DIRECTIONS FOR THIS TASK - Within the records below, reproduce without change the lines from the line that has "ginv 1 g i i" through the line that has "by (simp add: scalar_conj_def sum_negf)", and only those.

RECORDS SUPPLIED -

(* For every $g\in\mathrm{Sp}(2,1)$, the set of traces of the elements of $g\,\mathrm{SU}(2,1)\,g^{-1}$ is not contained in $\mathbb R$.
   Context: $\mathbb H$ denotes the quaternions. $\mathrm{Sp}(2,1)=\{A\in\mathrm{GL}(3,\mathbb H): A^*I_{2,1}A=I_{2,1}\}$ with $A^*$ the conjugate transpose and $I_{2,1}=\mathrm{diag}(1,1,-1)$. $\mathrm{SU}(2,1)\subset\mathrm{Sp}(2,1)$ is the subgroup of complex matrices of determinant $1$ preserving $I_{2,1}$. The trace of a quaternionic matrix is the sum of its diagonal entries. *)

theory Defs
  imports Complex_Main
begin

datatype quat = Quat (qre: real) (qi: real) (qj: real) (qk: real)

definition qadd :: "quat \<Rightarrow> quat \<Rightarrow> quat" where
  "qadd p q = Quat (qre p + qre q) (qi p + qi q) (qj p + qj q) (qk p + qk q)"

definition qmult :: "quat \<Rightarrow> quat \<Rightarrow> quat" where
  "qmult p q = Quat
     (qre p * qre q - qi p * qi q - qj p * qj q - qk p * qk q)
     (qre p * qi q + qi p * qre q + qj p * qk q - qk p * qj q)
     (qre p * qj q - qi p * qk q + qj p * qre q + qk p * qi q)
     (qre p * qk q + qi p * qj q - qj p * qi q + qk p * qre q)"

definition qcnj :: "quat \<Rightarrow> quat" where
  "qcnj q = Quat (qre q) (- qi q) (- qj q) (- qk q)"

definition qof_real :: "real \<Rightarrow> quat" where
  "qof_real r = Quat r 0 0 0"

definition qof_complex :: "complex \<Rightarrow> quat" where
  "qof_complex z = Quat (Re z) (Im z) 0 0"

definition q_is_real :: "quat \<Rightarrow> bool" where
  "q_is_real q \<longleftrightarrow> q \<in> range qof_real"

definition q_is_complex :: "quat \<Rightarrow> bool" where
  "q_is_complex q \<longleftrightarrow> q \<in> range qof_complex"

type_synonym qmat = "nat \<Rightarrow> nat \<Rightarrow> quat"

text \<open>Only entries with indices < 3 are meaningful; equality of matrices is entrywise on them.\<close>
definition qmat_eq :: "qmat \<Rightarrow> qmat \<Rightarrow> bool" where
  "qmat_eq A B \<longleftrightarrow> (\<forall>i<3. \<forall>j<3. A i j = B i j)"

definition qmat_mult :: "qmat \<Rightarrow> qmat \<Rightarrow> qmat" where
  "qmat_mult A B = (\<lambda>i j. qadd (qmult (A i 0) (B 0 j))
                         (qadd (qmult (A i 1) (B 1 j)) (qmult (A i 2) (B 2 j))))"

definition qmat_adj :: "qmat \<Rightarrow> qmat" where
  "qmat_adj A = (\<lambda>i j. qcnj (A j i))"

definition qmat_one :: qmat where
  "qmat_one = (\<lambda>i j. if i = j then qof_real 1 else qof_real 0)"

definition I21 :: qmat where
  "I21 = (\<lambda>i j. if i = j then (if i = 2 then qof_real (-1) else qof_real 1) else qof_real 0)"

definition qmat_trace :: "qmat \<Rightarrow> quat" where
  "qmat_trace A = qadd (A 0 0) (qadd (A 1 1) (A 2 2))"

definition qmat_invertible :: "qmat \<Rightarrow> bool" where
  "qmat_invertible A \<longleftrightarrow> (\<exists>B. qmat_eq (qmat_mult A B) qmat_one \<and> qmat_eq (qmat_mult B A) qmat_one)"

definition Sp21 :: "qmat set" where
  "Sp21 = {A. qmat_invertible A \<and> qmat_eq (qmat_mult (qmat_adj A) (qmat_mult I21 A)) I21}"

definition cdet3 :: "(nat \<Rightarrow> nat \<Rightarrow> complex) \<Rightarrow> complex" where
  "cdet3 M = M 0 0 * (M 1 1 * M 2 2 - M 1 2 * M 2 1)
           - M 0 1 * (M 1 0 * M 2 2 - M 1 2 * M 2 0)
           + M 0 2 * (M 1 0 * M 2 1 - M 1 1 * M 2 0)"

definition SU21 :: "qmat set" where
  "SU21 = {A. (\<forall>i<3. \<forall>j<3. q_is_complex (A i j))
              \<and> cdet3 (\<lambda>i j. Complex (qre (A i j)) (qi (A i j))) = 1
              \<and> qmat_eq (qmat_mult (qmat_adj A) (qmat_mult I21 A)) I21}"

end

theory Submission
  imports Defs
begin

text \<open>
  Suppose every trace of \<open>g A g\<^sup>-\<^sup>1\<close>, \<open>A \<in> SU(2,1)\<close>, were real. For a pure imaginary quaternion \<open>u\<close>,
  cyclicity of \<open>Re\<close> gives \<open>Re (u tr(g A g\<^sup>-\<^sup>1)) = Re tr(U\<^sub>u A)\<close> with \<open>U\<^sub>u = g\<^sup>-\<^sup>1 u g\<close>, and this
  vanishes for all \<open>A\<close>. Since \<open>SU(2,1)\<close> spans the complex \<open>3\<times>3\<close> matrices over \<open>\<real>\<close>, all entries of
  \<open>U\<^sub>u\<close> lie in \<open>j\<complex>\<close>. But \<open>j\<complex> \<cdot> j\<complex> \<subseteq> \<complex>\<close>, so \<open>U\<^sub>k = U\<^sub>i U\<^sub>j\<close> has entries in \<open>\<complex> \<inter> j\<complex> = 0\<close>,
  contradicting \<open>U\<^sub>k U\<^sub>k = U\<^bsub>k\<^sup>2\<^esub> = -I\<close>.
\<close>

lemma quat_eq_iff: "p = q \<longleftrightarrow> qre p = qre q \<and> qi p = qi q \<and> qj p = qj q \<and> qk p = qk q"
  by (cases p; cases q) auto

instantiation quat :: ring_1
begin
definition "0 = Quat 0 0 0 0"
definition "1 = Quat 1 0 0 0"
definition "p + q = qadd p q"
definition "- q = Quat (- qre q) (- qi q) (- qj q) (- qk q)"
definition "p - q = p + - (q::quat)"
definition "p * q = qmult p q"
instance
  by standard (auto simp: quat_eq_iff zero_quat_def one_quat_def plus_quat_def uminus_quat_def
     minus_quat_def times_quat_def qadd_def qmult_def algebra_simps)
end

lemma quat_components [simp]:
  "qre (p + q) = qre p + qre q" "qi (p + q) = qi p + qi q" "qj (p + q) = qj p + qj q" "qk (p + q) = qk p + qk q"
  "qre (p * q) = qre p * qre q - qi p * qi q - qj p * qj q - qk p * qk q"
  "qi (p * q) = qre p * qi q + qi p * qre q + qj p * qk q - qk p * qj q"
  "qj (p * q) = qre p * qj q - qi p * qk q + qj p * qre q + qk p * qi q"
  "qk (p * q) = qre p * qk q + qi p * qj q - qj p * qi q + qk p * qre q"
  "qre 0 = 0" "qi 0 = 0" "qj 0 = 0" "qk 0 = 0"
  "qre 1 = 1" "qi 1 = 0" "qj 1 = 0" "qk 1 = 0"
  "qre (- p) = - qre p" "qi (- p) = - qi p" "qj (- p) = - qj p" "qk (- p) = - qk p"
  "qre (qof_complex z) = Re z" "qi (qof_complex z) = Im z" "qj (qof_complex z) = 0" "qk (qof_complex z) = 0"
  by (simp_all add: zero_quat_def one_quat_def plus_quat_def uminus_quat_def times_quat_def
      qadd_def qmult_def qof_complex_def)

lemma qof_real_0_1 [simp]: "qof_real 0 = 0" "qof_real 1 = 1"
  by (simp_all add: qof_real_def zero_quat_def one_quat_def)

lemma qre_sum: "qre (sum f A) = (\<Sum>x\<in>A. qre (f x))"
  by (induction A rule: infinite_finite_induct) auto

lemma qre_mult_commute: "qre (p * q) = qre (q * p)"
  by (simp add: algebra_simps)

lemma sum_lessThan_3: "(\<Sum>k<3. f k) = f 0 + f 1 + f (2::nat)"
  by (simp add: eval_nat_numeral add.assoc)

lemma all_less_3: "(\<forall>i<(3::nat). P i) \<longleftrightarrow> P 0 \<and> P 1 \<and> P 2"
  by (auto simp: eval_nat_numeral less_Suc_eq)

lemma qmat_mult_eq_sum: "qmat_mult A B i j = (\<Sum>k<3. A i k * B k j)"
  by (simp add: qmat_mult_def sum_lessThan_3 plus_quat_def[symmetric] times_quat_def[symmetric] add.assoc)

lemma qmat_trace_eq_sum: "qmat_trace A = (\<Sum>k<3. A k k)"
  by (simp add: qmat_trace_def sum_lessThan_3 plus_quat_def[symmetric] add.assoc)

text \<open>Entries in \<open>j\<complex> = \<real>j + \<real>k\<close>, the orthogonal complement of \<open>\<complex>\<close> in \<open>\<bbbH>\<close>.\<close>
definition qmat_in_jC :: "qmat \<Rightarrow> bool" where
  "qmat_in_jC M \<longleftrightarrow> (\<forall>i<3. \<forall>j<3. qre (M i j) = 0 \<and> qi (M i j) = 0)"

lemma q_is_complex_iff: "q_is_complex q \<longleftrightarrow> qj q = 0 \<and> qk q = 0"
  unfolding q_is_complex_def
  by (auto simp: quat_eq_iff intro: range_eqI[of _ _ "Complex (qre q) (qi q)"])

lemma qmat_in_jC_mult_complex:
  assumes "qmat_in_jC A" "qmat_in_jC B" "i < 3" "j < 3"
  shows "q_is_complex (\<Sum>l<3. A i l * B l j)"
proof -
  have "\<forall>l<3. qre (A i l) = 0 \<and> qi (A i l) = 0 \<and> qre (B l j) = 0 \<and> qi (B l j) = 0"
    using assms by (simp add: qmat_in_jC_def)
  then show ?thesis
    by (simp add: q_is_complex_iff all_less_3 sum_lessThan_3)
qed

definition scalar_conj :: "qmat \<Rightarrow> quat \<Rightarrow> qmat \<Rightarrow> qmat" where
  "scalar_conj ginv u g = (\<lambda>i j. \<Sum>k<3. ginv i k * u * g k j)"

lemma qre_mult_trace_conj:
  "qre (u * qmat_trace (qmat_mult g (qmat_mult A ginv)))
     = (\<Sum>k<3. \<Sum>j<3. qre (scalar_conj ginv u g k j * A j k))"
proof -
  have "qre (u * qmat_trace (qmat_mult g (qmat_mult A ginv)))
      = (\<Sum>i<3. \<Sum>j<3. \<Sum>k<3. qre (u * g i j * A j k * ginv k i))"
    by (simp add: qmat_trace_eq_sum qmat_mult_eq_sum sum_distrib_left qre_sum mult.assoc)
  also have "\<dots> = (\<Sum>i<3. \<Sum>j<3. \<Sum>k<3. qre (ginv k i * u * g i j * A j k))"
    by (rule sum.cong[OF refl])+ (metis qre_mult_commute mult.assoc) \<comment> \<open>\<open>Re\<close> is cyclic\<close>
  also have "\<dots> = (\<Sum>k<3. \<Sum>j<3. \<Sum>i<3. qre (ginv k i * u * g i j * A j k))"
    by (subst sum.swap) (subst (2) sum.swap, subst sum.swap, simp)
  also have "\<dots> = (\<Sum>k<3. \<Sum>j<3. qre (scalar_conj ginv u g k j * A j k))"
    by (simp add: scalar_conj_def sum_distrib_right qre_sum)
  finally show ?thesis .
qed

lemma scalar_conj_mult:
  assumes "qmat_eq (qmat_mult g ginv) qmat_one"
  shows "(\<Sum>l<3. scalar_conj ginv u g i l * scalar_conj ginv v g l j) = scalar_conj ginv (u * v) g i j"
proof -
  have delta: "(\<Sum>l<3. g k l * ginv l m) = (if k = m then 1 else 0)" if "k < 3" "m < 3" for k m
    using assms that by (auto simp: qmat_eq_def qmat_mult_eq_sum[symmetric] qmat_one_def)
  have "(\<Sum>l<3. scalar_conj ginv u g i l * scalar_conj ginv v g l j)
     = (\<Sum>l<3. \<Sum>k<3. \<Sum>m<3. (ginv i k * u) * (g k l * ginv l m) * (v * g m j))"
    by (simp add: scalar_conj_def sum_distrib_left sum_distrib_right mult.assoc;
        rule sum.cong[OF refl]; rule sum.swap)
  also have "\<dots> = (\<Sum>k<3. \<Sum>m<3. \<Sum>l<3. (ginv i k * u) * (g k l * ginv l m) * (v * g m j))"
    by (subst sum.swap) (subst (2) sum.swap, simp)
  also have "\<dots> = (\<Sum>k<3. \<Sum>m<3. (ginv i k * u) * (\<Sum>l<3. g k l * ginv l m) * (v * g m j))"
    by (simp add: sum_distrib_left sum_distrib_right)
  also have "\<dots> = (\<Sum>k<3. \<Sum>m<3. (ginv i k * u) * (if k = m then 1 else 0) * (v * g m j))"
    by (intro sum.cong refl) (simp add: delta)
  also have "\<dots> = (\<Sum>k<3. (ginv i k * u) * (v * g k j))"
    by (simp add: sum_lessThan_3)
  also have "\<dots> = scalar_conj ginv (u * v) g i j"
    by (simp add: scalar_conj_def mult.assoc)
  finally show ?thesis .
qed

lemma scalar_conj_one:
  assumes "qmat_eq (qmat_mult ginv g) qmat_one" "i < 3"
  shows "scalar_conj ginv 1 g i i = 1"
  using assms by (simp add: scalar_conj_def qmat_eq_def qmat_mult_eq_sum qmat_one_def)

lemma scalar_conj_uminus: "scalar_conj ginv (- u) g i j = - scalar_conj ginv u g i j"
  by (simp add: scalar_conj_def sum_negf)

definition complex_qmat :: "complex list list \<Rightarrow> qmat" where
  "complex_qmat rows = (\<lambda>i j. qof_complex (rows ! i ! j))"

text \<open>Elements of \<open>SU(2,1)\<close> whose real span is the space of all complex \<open>3\<times>3\<close> matrices.\<close>
definition SU21_spanning_rows :: "complex list list list" where
  "SU21_spanning_rows =
    [[[1, 0, 0], [0, 1, 0], [0, 0, 1]],
     [[-1, 0, 0], [0, -1, 0], [0, 0, 1]],
     [[-1, 0, 0], [0, 1, 0], [0, 0, -1]],
     [[\<i>, 0, 0], [0, -\<i>, 0], [0, 0, 1]],
     [[\<i>, 0, 0], [0, \<i>, 0], [0, 0, -1]],
     [[1, 0, 0], [0, \<i>, 0], [0, 0, -\<i>]],
     [[-1, 0, 0], [0, \<i>, 0], [0, 0, \<i>]],
     [[\<i>, 0, 0], [0, 1, 0], [0, 0, -\<i>]],
     [[0, 1, 0], [-1, 0, 0], [0, 0, 1]],
     [[0, \<i>, 0], [\<i>, 0, 0], [0, 0, 1]],
     [[0, 1, 0], [1, 0, 0], [0, 0, -1]],
     [[0, \<i>, 0], [-\<i>, 0, 0], [0, 0, -1]],
     [[5/4, 0, 3/4], [0, 1, 0], [3/4, 0, 5/4]],
     [[5/4, 0, 3/4], [0, -1, 0], [-3/4, 0, -5/4]],
     [[5/4, 0, 3/4*\<i>], [0, 1, 0], [-3/4*\<i>, 0, 5/4]],
     [[5/4, 0, 3/4*\<i>], [0, -1, 0], [3/4*\<i>, 0, -5/4]],
     [[1, 0, 0], [0, 5/4, 3/4], [0, 3/4, 5/4]],
     [[-1, 0, 0], [0, 5/4, 3/4], [0, -3/4, -5/4]],
     [[1, 0, 0], [0, 5/4, 3/4*\<i>], [0, -3/4*\<i>, 5/4]],
     [[-1, 0, 0], [0, 5/4, 3/4*\<i>], [0, 3/4*\<i>, -5/4]]]"

lemma complex_qmat_in_SU21:
  assumes "cdet3 (\<lambda>i j. rows ! i ! j) = 1"
    and "qmat_eq (qmat_mult (qmat_adj (complex_qmat rows)) (qmat_mult I21 (complex_qmat rows))) I21"
  shows "complex_qmat rows \<in> SU21"
  using assms by (simp add: SU21_def complex_qmat_def q_is_complex_def)

lemma SU21_spanning_rows_in_SU21:
  assumes "rows \<in> set SU21_spanning_rows"
  shows "complex_qmat rows \<in> SU21"
  using assms by (intro complex_qmat_in_SU21)
    (auto simp: SU21_spanning_rows_def cdet3_def complex_eq_iff qmat_eq_def all_less_3 qmat_mult_def
      qmat_adj_def I21_def complex_qmat_def qadd_def qmult_def qcnj_def qof_real_def quat_eq_iff)

lemma qmat_in_jC_if_annihilates_SU21:
  assumes "\<And>A. A \<in> SU21 \<Longrightarrow> (\<Sum>k<3. \<Sum>j<3. qre (V k j * A j k)) = 0"
  shows "qmat_in_jC V"
proof -
  have "\<forall>rows\<in>set SU21_spanning_rows. (\<Sum>k<3. \<Sum>j<3. qre (V k j * complex_qmat rows j k)) = 0"
    using assms SU21_spanning_rows_in_SU21 by blast
  then show ?thesis
    by (simp add: qmat_in_jC_def SU21_spanning_rows_def complex_qmat_def sum_lessThan_3 all_less_3)
qed

lemma scalar_conj_k_not_in_jC:
  assumes inverse: "qmat_eq (qmat_mult g ginv) qmat_one" "qmat_eq (qmat_mult ginv g) qmat_one"
    and i_in_jC: "qmat_in_jC (scalar_conj ginv (Quat 0 1 0 0) g)"
    and j_in_jC: "qmat_in_jC (scalar_conj ginv (Quat 0 0 1 0) g)"
  shows "\<not> qmat_in_jC (scalar_conj ginv (Quat 0 0 0 1) g)"
proof
  let ?U = "scalar_conj ginv"
  assume k_in_jC: "qmat_in_jC (?U (Quat 0 0 0 1) g)"
  have k_zero: "?U (Quat 0 0 0 1) g i j = 0" if "i < 3" "j < 3" for i j
  proof -
    have "Quat 0 1 0 0 * Quat 0 0 1 0 = Quat 0 0 0 1"
      by (simp add: quat_eq_iff)
    then have "?U (Quat 0 0 0 1) g i j = (\<Sum>l<3. ?U (Quat 0 1 0 0) g i l * ?U (Quat 0 0 1 0) g l j)"
      by (simp add: scalar_conj_mult[OF inverse(1)])
    then have "q_is_complex (?U (Quat 0 0 0 1) g i j)"
      using qmat_in_jC_mult_complex[OF i_in_jC j_in_jC that] by simp
    then show ?thesis
      using k_in_jC that by (simp add: q_is_complex_iff qmat_in_jC_def quat_eq_iff)
  qed
  have "Quat 0 0 0 1 * Quat 0 0 0 1 = - 1"
    by (simp add: quat_eq_iff)
  then have "?U (- 1) g 0 0 = (\<Sum>l<3. ?U (Quat 0 0 0 1) g 0 l * ?U (Quat 0 0 0 1) g l 0)"
    by (simp add: scalar_conj_mult[OF inverse(1)])
  also have "\<dots> = 0"
    by (simp add: k_zero)
  finally show False
    using scalar_conj_one[OF inverse(2), of 0] by (simp add: scalar_conj_uminus)
qed

theorem lemma4p7:
  assumes "g \<in> Sp21"
    and "qmat_eq (qmat_mult g ginv) qmat_one"
    and "qmat_eq (qmat_mult ginv g) qmat_one"
  shows "\<exists>A\<in>SU21. \<not> q_is_real (qmat_trace (qmat_mult g (qmat_mult A ginv)))"
proof (rule ccontr)
  assume "\<not> ?thesis"
  then have real_trace: "q_is_real (qmat_trace (qmat_mult g (qmat_mult A ginv)))" if "A \<in> SU21" for A
    using that by blast
  have "qmat_in_jC (scalar_conj ginv u g)" if "qre u = 0" for u
  proof (rule qmat_in_jC_if_annihilates_SU21)
    fix A assume "A \<in> SU21"
    then obtain r where "qmat_trace (qmat_mult g (qmat_mult A ginv)) = qof_real r"
      using real_trace unfolding q_is_real_def by blast
    then have "qre (u * qmat_trace (qmat_mult g (qmat_mult A ginv))) = 0"
      using that by (simp add: qof_real_def)
    then show "(\<Sum>k<3. \<Sum>j<3. qre (scalar_conj ginv u g k j * A j k)) = 0"
      by (simp only: qre_mult_trace_conj)
  qed
  then show False
    using scalar_conj_k_not_in_jC[OF assms(2,3)] by simp
qed

end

TASK ANSWER -
  shows "scalar_conj ginv 1 g i i = 1"
  using assms by (simp add: scalar_conj_def qmat_eq_def qmat_mult_eq_sum qmat_one_def)

lemma scalar_conj_uminus: "scalar_conj ginv (- u) g i j = - scalar_conj ginv u g i j"
  by (simp add: scalar_conj_def sum_negf)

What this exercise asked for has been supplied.